### [Data for this task]
• • • • • • •

section \<open>Adding points inside a cube\<close>

lemma MST_length_Un_diff_le_diameter:
  fixes A B K :: "'a::euclidean_space set"
  assumes "finite A" "finite B" "A \<inter> B = {}" "bounded K" "A \<subseteq> K" "B \<subseteq> K"
  shows "\<bar>MST_length (A \<union> B) - MST_length B\<bar>
    \<le> real (card A) * (real (mst_degree_bound TYPE('a)) + 1) * diameter K"
proof -
  have diam: "0 \<le> diameter K" "\<And>p q. p \<in> K \<Longrightarrow> q \<in> K \<Longrightarrow> dist p q \<le> diameter K"
    using assms(4) by (simp_all add: diameter_ge_0 diameter_bounded_bound)
  show ?thesis
  proof (cases "B = {}")
    case True
    have "MST_length A \<le> real (card A) * diameter K"
      using assms(5) by (intro MST_length_le_card_mul[OF assms(1) diam(1)] diam(2)) auto
    moreover have "real (card A) * diameter K
        \<le> (real (mst_degree_bound TYPE('a)) + 1) * (real (card A) * diameter K)"
      using mult_right_mono[of 1 "real (mst_degree_bound TYPE('a)) + 1" "real (card A) * diameter K"]
        diam(1)
      by simp
    ultimately show ?thesis
      using True MST_length_subsingleton[of B] MST_length_nonneg[OF assms(1)] by (simp add: algebra_simps)
  next
    case False
    then obtain b0 where b0: "b0 \<in> B" by blast
    show ?thesis
    proof (rule MST_length_Un_diff_le[OF assms(1-3) b0 diam(1)])
      fix p assume "p \<in> A" thus "dist p b0 \<le> diameter K" using assms(5,6) b0 diam(2) by blast
    next
      fix E w p assume "w \<in> B" thus "dist w b0 \<le> diameter K" using assms(6) b0 diam(2) by blast
    qed
  qed
qed

lemma MST_length_Un_diff_le_wall:
  fixes A B K :: "'a::euclidean_space set"
  assumes "0 < a" "a < b" "convex K" "sqbox x a \<subseteq> K" "K \<inter> frontier (sqbox x b) \<noteq> {}"
    and "finite A" "finite B" "A \<subseteq> sqbox x a" "B \<subseteq> K - sqbox x a" and wall: "has_wall B K x a b"
  shows "\<bar>MST_length (A \<union> B) - MST_length B\<bar>
    \<le> real (card A) * (real (mst_degree_bound TYPE('a)) + 1) * (2 * b * real DIM('a))"
proof -
  obtain p1 p2 where "p1 \<in> frontier (sqbox x a)" "p2 \<in> K \<inter> frontier (sqbox x b)"
    using assms(1,5) frontier_sqbox_nonempty[of a x] by fastforce
  then obtain b0 where b0: "b0 \<in> B" "b0 \<in> sqbox x b"
    using wall unfolding has_wall_def by blast
  have ab: "sqbox x a \<subseteq> sqbox x b" using assms(2) by (simp add: sqbox_mono)
  show ?thesis
  proof (rule MST_length_Un_diff_le[OF assms(6,7) _ b0(1)])
    show "A \<inter> B = {}" using assms(8,9) by blast
    show "0 \<le> 2 * b * real DIM('a)" using assms(1,2) by simp
  next
    fix p assume "p \<in> A"
    hence "p \<in> sqbox x b" using assms(8) ab by blast
    thus "dist p b0 \<le> 2 * b * real DIM('a)" using b0(2) by (rule dist_le_of_mem_sqbox)
  next
    fix E w v assume "minimal_spanning (A \<union> B) E" "w \<in> B" "v \<in> A" "{v, w} \<in> E"
    hence "w \<in> sqbox x b"
      using assms(2-4,6-9) by (intro minimal_spanning_wall_edge_in_sqbox[OF _ _ _ _ wall]) auto
    thus "dist w b0 \<le> 2 * b * real DIM('a)" using b0(2) by (rule dist_le_of_mem_sqbox)
  qed
qed

lemma MST_length_Un_diff_le_cube:
  fixes A B :: "'a::euclidean_space set"
  defines "c \<equiv> 2 * real DIM('a) * (real (mst_degree_bound TYPE('a)) + 1)"
  assumes "0 < a" "a < b" "K = sqbox y s" "sqbox x a \<subseteq> K" "K \<inter> frontier (sqbox x b) \<noteq> {}"
    and "finite A" "finite B" "A \<subseteq> sqbox x a" "B \<subseteq> K - sqbox x a"
  shows "has_wall B K x a b \<Longrightarrow> \<bar>MST_length (A \<union> B) - MST_length B\<bar> \<le> c * real (card A) * b"
    and "\<bar>MST_length (A \<union> B) - MST_length B\<bar> \<le> c * real (card A) * diameter K"
proof -
  define N where "N = real (mst_degree_bound TYPE('a)) + 1"
  have K: "convex K" "bounded K" using assms(4) convex_sqbox bounded_sqbox by auto
  show "\<bar>MST_length (A \<union> B) - MST_length B\<bar> \<le> c * real (card A) * b" if "has_wall B K x a b"
  proof -
    have "\<bar>MST_length (A \<union> B) - MST_length B\<bar> \<le> real (card A) * N * (2 * b * real DIM('a))"
      unfolding N_def by (rule MST_length_Un_diff_le_wall) (use assms K that in auto)
    also have "\<dots> = c * real (card A) * b" by (simp add: c_def N_def mult_ac)
    finally show ?thesis .
  qed
  have "0 \<le> real (card A) * N * diameter K"
    using diameter_ge_0[OF K(2)] by (intro mult_nonneg_nonneg) (simp_all add: N_def)
  moreover have "1 \<le> 2 * real DIM('a)" using DIM_positive[where 'a='a] by linarith
  ultimately have scale: "real (card A) * N * diameter K \<le> c * real (card A) * diameter K"
    using mult_right_mono[of 1 "2 * real DIM('a)" "real (card A) * N * diameter K"]
    by (simp add: c_def N_def mult_ac)
  have "\<bar>MST_length (A \<union> B) - MST_length B\<bar> \<le> real (card A) * N * diameter K"
    unfolding N_def by (rule MST_length_Un_diff_le_diameter) (use assms K in auto)
  thus "\<bar>MST_length (A \<union> B) - MST_length B\<bar> \<le> c * real (card A) * diameter K"
    using scale by linarith
qed

theorem lemma7p5:
  "\<exists>c::real. \<forall>(a::real) b (x::'a::euclidean_space) K y s (A::'a set) B.
     0 < a \<and> a < b \<and> K = sqbox y s \<and> sqbox x a \<subseteq> K \<and> K \<inter> frontier (sqbox x b) \<noteq> {}
     \<and> finite A \<and> finite B \<and> A \<subseteq> sqbox x a \<and> B \<subseteq> K - sqbox x a \<longrightarrow>
       (has_wall B K x a b \<longrightarrow> \<bar>MST_length (A \<union> B) - MST_length B\<bar> \<le> c * real (card A) * b)
     \<and> (\<not> has_wall B K x a b \<longrightarrow> \<bar>MST_length (A \<union> B) - MST_length B\<bar> \<le> c * real (card A) * diameter K)"
  by (rule exI[of _ "2 * real DIM('a) * (real (mst_degree_bound TYPE('a)) + 1)"])
    (auto intro: MST_length_Un_diff_le_cube)

end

• • • • • • •

### [Instructions for the task]
Would you filter the records and copy out each line containing "moreover"?

### [Expected output]
    moreover have "real (card A) * diameter K
  moreover have "1 \<le> 2 * real DIM('a)" using DIM_positive[where 'a='a] by linarith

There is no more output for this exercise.